* _Working data_

= = = = = = =

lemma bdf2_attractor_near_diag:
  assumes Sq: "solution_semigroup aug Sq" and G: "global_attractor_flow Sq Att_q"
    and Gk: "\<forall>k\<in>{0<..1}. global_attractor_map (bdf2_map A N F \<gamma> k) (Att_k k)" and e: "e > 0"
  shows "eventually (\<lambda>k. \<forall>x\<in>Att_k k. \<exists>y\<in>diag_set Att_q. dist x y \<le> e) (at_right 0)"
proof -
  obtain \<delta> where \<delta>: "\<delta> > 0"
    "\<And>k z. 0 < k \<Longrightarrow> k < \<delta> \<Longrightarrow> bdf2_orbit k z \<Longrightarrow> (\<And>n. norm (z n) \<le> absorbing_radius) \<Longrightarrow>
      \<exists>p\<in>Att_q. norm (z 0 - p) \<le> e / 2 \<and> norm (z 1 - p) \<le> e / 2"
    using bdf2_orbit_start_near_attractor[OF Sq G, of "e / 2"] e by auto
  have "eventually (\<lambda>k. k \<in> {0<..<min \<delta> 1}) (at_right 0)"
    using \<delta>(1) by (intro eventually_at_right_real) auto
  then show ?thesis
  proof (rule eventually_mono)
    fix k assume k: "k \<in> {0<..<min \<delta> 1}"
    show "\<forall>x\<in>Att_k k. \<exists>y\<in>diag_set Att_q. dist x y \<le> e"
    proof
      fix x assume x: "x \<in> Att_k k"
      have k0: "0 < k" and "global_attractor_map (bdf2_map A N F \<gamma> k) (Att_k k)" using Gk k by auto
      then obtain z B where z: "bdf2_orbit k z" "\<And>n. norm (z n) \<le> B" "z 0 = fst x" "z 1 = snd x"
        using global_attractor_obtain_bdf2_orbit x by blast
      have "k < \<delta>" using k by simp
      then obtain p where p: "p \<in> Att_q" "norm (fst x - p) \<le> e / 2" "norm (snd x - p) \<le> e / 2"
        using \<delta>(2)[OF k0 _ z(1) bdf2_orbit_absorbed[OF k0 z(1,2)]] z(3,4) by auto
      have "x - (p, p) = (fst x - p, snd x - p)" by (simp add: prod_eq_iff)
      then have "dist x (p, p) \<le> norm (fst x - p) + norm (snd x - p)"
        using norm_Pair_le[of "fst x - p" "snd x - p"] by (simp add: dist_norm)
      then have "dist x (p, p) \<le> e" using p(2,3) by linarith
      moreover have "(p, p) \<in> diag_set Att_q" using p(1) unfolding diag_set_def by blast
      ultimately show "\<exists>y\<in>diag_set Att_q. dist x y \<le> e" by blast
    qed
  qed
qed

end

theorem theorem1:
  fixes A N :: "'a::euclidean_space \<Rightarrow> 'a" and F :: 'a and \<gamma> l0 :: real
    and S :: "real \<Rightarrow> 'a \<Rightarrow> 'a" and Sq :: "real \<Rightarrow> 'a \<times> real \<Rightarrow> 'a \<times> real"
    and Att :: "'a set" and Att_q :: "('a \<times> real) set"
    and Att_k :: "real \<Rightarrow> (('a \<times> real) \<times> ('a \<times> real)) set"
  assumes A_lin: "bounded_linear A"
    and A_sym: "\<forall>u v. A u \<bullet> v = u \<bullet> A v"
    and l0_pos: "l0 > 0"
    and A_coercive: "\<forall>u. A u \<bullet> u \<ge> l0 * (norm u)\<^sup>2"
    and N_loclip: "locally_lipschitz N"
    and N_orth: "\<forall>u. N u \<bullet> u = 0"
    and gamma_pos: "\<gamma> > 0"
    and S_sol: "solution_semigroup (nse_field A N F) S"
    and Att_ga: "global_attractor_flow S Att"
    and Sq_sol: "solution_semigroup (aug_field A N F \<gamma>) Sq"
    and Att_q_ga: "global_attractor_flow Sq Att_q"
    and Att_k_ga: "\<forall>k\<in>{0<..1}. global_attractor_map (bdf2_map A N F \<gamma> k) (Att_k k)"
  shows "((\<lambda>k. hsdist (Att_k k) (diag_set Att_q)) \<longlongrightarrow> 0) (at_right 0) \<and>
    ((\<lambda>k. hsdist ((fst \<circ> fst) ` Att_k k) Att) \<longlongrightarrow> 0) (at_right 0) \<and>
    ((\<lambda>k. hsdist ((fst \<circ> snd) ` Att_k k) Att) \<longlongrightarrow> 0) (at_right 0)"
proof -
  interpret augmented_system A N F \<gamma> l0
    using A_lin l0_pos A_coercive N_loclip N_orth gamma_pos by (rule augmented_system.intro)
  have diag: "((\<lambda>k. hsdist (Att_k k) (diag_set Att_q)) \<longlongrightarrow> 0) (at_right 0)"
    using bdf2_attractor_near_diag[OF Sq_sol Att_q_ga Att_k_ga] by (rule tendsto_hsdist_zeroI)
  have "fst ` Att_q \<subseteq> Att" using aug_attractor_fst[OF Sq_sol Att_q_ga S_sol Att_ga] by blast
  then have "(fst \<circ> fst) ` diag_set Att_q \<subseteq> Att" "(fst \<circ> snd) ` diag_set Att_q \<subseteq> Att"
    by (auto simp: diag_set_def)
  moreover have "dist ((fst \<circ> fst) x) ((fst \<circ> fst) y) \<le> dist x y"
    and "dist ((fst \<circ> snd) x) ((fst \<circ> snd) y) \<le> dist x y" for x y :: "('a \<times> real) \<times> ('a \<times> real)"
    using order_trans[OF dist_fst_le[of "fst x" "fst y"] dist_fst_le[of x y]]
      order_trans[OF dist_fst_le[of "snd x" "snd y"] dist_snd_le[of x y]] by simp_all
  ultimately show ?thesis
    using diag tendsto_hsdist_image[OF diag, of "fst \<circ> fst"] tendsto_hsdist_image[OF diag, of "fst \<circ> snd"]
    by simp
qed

= = = = = = =

* _Requirement_
Look through the data above and return exactly the lines from the one that contains "A u \<bullet> u" to the one that contains "fst) x) ((fst", inclusive, with nothing else.

* _Solution to the problem_
    and A_coercive: "\<forall>u. A u \<bullet> u \<ge> l0 * (norm u)\<^sup>2"
    and N_loclip: "locally_lipschitz N"
    and N_orth: "\<forall>u. N u \<bullet> u = 0"
    and gamma_pos: "\<gamma> > 0"
    and S_sol: "solution_semigroup (nse_field A N F) S"
    and Att_ga: "global_attractor_flow S Att"
    and Sq_sol: "solution_semigroup (aug_field A N F \<gamma>) Sq"
    and Att_q_ga: "global_attractor_flow Sq Att_q"
    and Att_k_ga: "\<forall>k\<in>{0<..1}. global_attractor_map (bdf2_map A N F \<gamma> k) (Att_k k)"
  shows "((\<lambda>k. hsdist (Att_k k) (diag_set Att_q)) \<longlongrightarrow> 0) (at_right 0) \<and>
    ((\<lambda>k. hsdist ((fst \<circ> fst) ` Att_k k) Att) \<longlongrightarrow> 0) (at_right 0) \<and>
    ((\<lambda>k. hsdist ((fst \<circ> snd) ` Att_k k) Att) \<longlongrightarrow> 0) (at_right 0)"
proof -
  interpret augmented_system A N F \<gamma> l0
    using A_lin l0_pos A_coercive N_loclip N_orth gamma_pos by (rule augmented_system.intro)
  have diag: "((\<lambda>k. hsdist (Att_k k) (diag_set Att_q)) \<longlongrightarrow> 0) (at_right 0)"
    using bdf2_attractor_near_diag[OF Sq_sol Att_q_ga Att_k_ga] by (rule tendsto_hsdist_zeroI)
  have "fst ` Att_q \<subseteq> Att" using aug_attractor_fst[OF Sq_sol Att_q_ga S_sol Att_ga] by blast
  then have "(fst \<circ> fst) ` diag_set Att_q \<subseteq> Att" "(fst \<circ> snd) ` diag_set Att_q \<subseteq> Att"
    by (auto simp: diag_set_def)
  moreover have "dist ((fst \<circ> fst) x) ((fst \<circ> fst) y) \<le> dist x y"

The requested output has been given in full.